ROLE OF LIPIDS Dyslipoproteinemias result from either Mutation that yield defective apolipoprotein Other disorders like nephrotic syndrome, alcoholism, hypothyroidism or diabetes mellitus. Abnormal lipoprotein patterns are increased LDL cholesterol, decreased HDL cholesterol and increased abnormal Lp(a).
Role of Smooth Muscle Cells Smooth muscle cells migrate from media to intima, proliferate, deposit extracellular matrix and convert fatty streak into a atheromatous plaque. Growth factors that are responsible for smooth muscle cell proliferation are PDGF, FGF and TGF. Other Factors Oligoclonal lesions: Equivalent to benign neoplasm induced by exogenous chemical or oncogenic viruses. Infection: Chlamydia pneumoniae and cytomegalovirus. Potentiate chronic inflammatory response and hypercholesterolemia.
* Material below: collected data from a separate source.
text \<open>
  The survival function is only required at points with positive sum: at \<open>0\<close> the chain
  may take a junk value (\<open>exp_sqrt_deriv l 0 0 = 0\<close> because \<open>0 powr 0 = 0\<close>).
\<close>

lemma distr_sum_eq_density_of_survival:
  assumes "neg_derivative_chain E" and "finite_measure N"
    and "\<And>i. i < Suc m \<Longrightarrow> Y i \<in> borel_measurable N"
    and "AE \<omega> in N. \<forall>i<Suc m. 0 < Y i \<omega>"
    and "\<And>x. (\<forall>i<Suc m. 0 \<le> x i) \<Longrightarrow> 0 < (\<Sum>i<Suc m. x i) \<Longrightarrow>
      emeasure N {\<omega>\<in>space N. \<forall>i<Suc m. x i < Y i \<omega>} = ennreal (E 0 (\<Sum>i<Suc m. x i))"
  shows "distr N lborel (\<lambda>\<omega>. \<Sum>i<Suc m. Y i \<omega>) = density lborel (\<lambda>s. ennreal (survival_sum_density E m s))"
  using assms
proof (induction m arbitrary: E N)
  case 0
  have "distr N lborel (Y 0) = density lborel (\<lambda>s. ennreal (if 0 < s then E 1 s else 0))"
    using 0 by (intro distr_eq_density_of_survival) (auto elim!: eventually_mono dest: 0(5)[of "\<lambda>_. _"])
  moreover have "survival_sum_density E 0 = (\<lambda>s. if 0 < s then E 1 s else 0)"
    by (simp add: survival_sum_density_def fun_eq_iff)
  ultimately show ?case
    by simp
next
  case (Suc m)
  note E = Suc.prems(1) and N = Suc.prems(2)
  have [measurable]: "Y i \<in> borel_measurable N" if "i < Suc (Suc m)" for i
    using Suc.prems(3) that .
  let ?S = "\<lambda>\<omega>. \<Sum>i<Suc m. Y i \<omega>"
  have cond: "distr (density N (indicator {\<omega>\<in>space N. y < Y (Suc m) \<omega>})) lborel ?S
      = density lborel (\<lambda>s. ennreal (survival_sum_density (\<lambda>k t. E k (t + y)) m s))" if "0 < y" for y
  proof (rule Suc.IH)
    let ?Ny = "density N (indicator {\<omega>\<in>space N. y < Y (Suc m) \<omega>})"
    show "neg_derivative_chain (\<lambda>k t. E k (t + y))"
      using neg_derivative_chain_shift[OF E] \<open>0 < y\<close> by simp
    show "finite_measure ?Ny"
      using finite_measure.finite_measure_restricted[OF N] by simp
    show "Y i \<in> borel_measurable ?Ny" if "i < Suc m" for i
      using that by simp
    show "AE \<omega> in ?Ny. \<forall>i<Suc m. 0 < Y i \<omega>"
      using Suc.prems(4) by (subst AE_density) (auto elim!: eventually_mono)
    fix x :: "nat \<Rightarrow> real"
    assume x: "\<forall>i<Suc m. 0 \<le> x i"
    let ?x = "x(Suc m := y)"
    have "emeasure ?Ny {\<omega>\<in>space ?Ny. \<forall>i<Suc m. x i < Y i \<omega>}
        = emeasure N {\<omega>\<in>space N. \<forall>i<Suc (Suc m). ?x i < Y i \<omega>}"
      by (subst emeasure_restricted) (auto simp: less_Suc_eq intro!: arg_cong[where f="emeasure N"])
    also have "\<dots> = ennreal (E 0 (\<Sum>i<Suc (Suc m). ?x i))"
    proof (rule Suc.prems(5))
      show "\<forall>i<Suc (Suc m). 0 \<le> ?x i"
        using x \<open>0 < y\<close> by (simp add: less_Suc_eq)
      have "0 \<le> (\<Sum>i<Suc m. x i)"
        using x by (intro sum_nonneg) auto
      with \<open>0 < y\<close> show "0 < (\<Sum>i<Suc (Suc m). ?x i)"
        by simp
    qed
    also have "(\<Sum>i<Suc (Suc m). ?x i) = (\<Sum>i<Suc m. x i) + y"
      by simp
    finally show "emeasure ?Ny {\<omega>\<in>space ?Ny. \<forall>i<Suc m. x i < Y i \<omega>} = ennreal (E 0 ((\<Sum>i<Suc m. x i) + y))" .
  qed
  have "AE \<omega> in N. 0 < Y (Suc m) \<omega>"
    using Suc.prems(4) by (auto elim!: eventually_mono)
  from distr_add_eq_survival_sum_density[OF E N _ _ this cond] show ?case
    by simp
qed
Complication of Atheromatous Plaque: Rupture, ulceration and erosion: Exposes the highly thrombogenic substances leading to thrombus formation. Atheroemboli: Also called as cholesterol emboli. Discharge of fat debris into the circulation after the rupture of the plaque.
Hemorrhage into the plaque: Rupture of fibrous cap or blood vessels; hematoma. Thrombosis: Most dreaded complication. On a disrupted lesion. Aneurysm formation: Due to atrophy of media and loss of elastic fibers; wall weakening and permanent dilatation.
Major Consequences: Myocardial infarction. Cerebrovascular accidents (stroke). Aortic aneurysm. Lower limb gangrene. Mesenteric occlusion
Clinical Effects Aneurysm and rupture due to weakening of the media. Occlusion due to thrombosis. Critical stenosis leading to ischemia and infarction of the affected tissue or organ.
Prevention By risk factor modification. Primary prevention: Aimed to delay the atheroma formation or regressing the established lesions in patients who never suffered serious complications. Secondary prevention: Aimed to prevent the recurrence of complications of atherosclerosis like MI. cessation of cigarette smoking. Control of hypertension. Weight reduction. Increasing exercise. Moderate alcohol consumption. Lowering total and LDL cholesterol and increasing HDL cholesterol.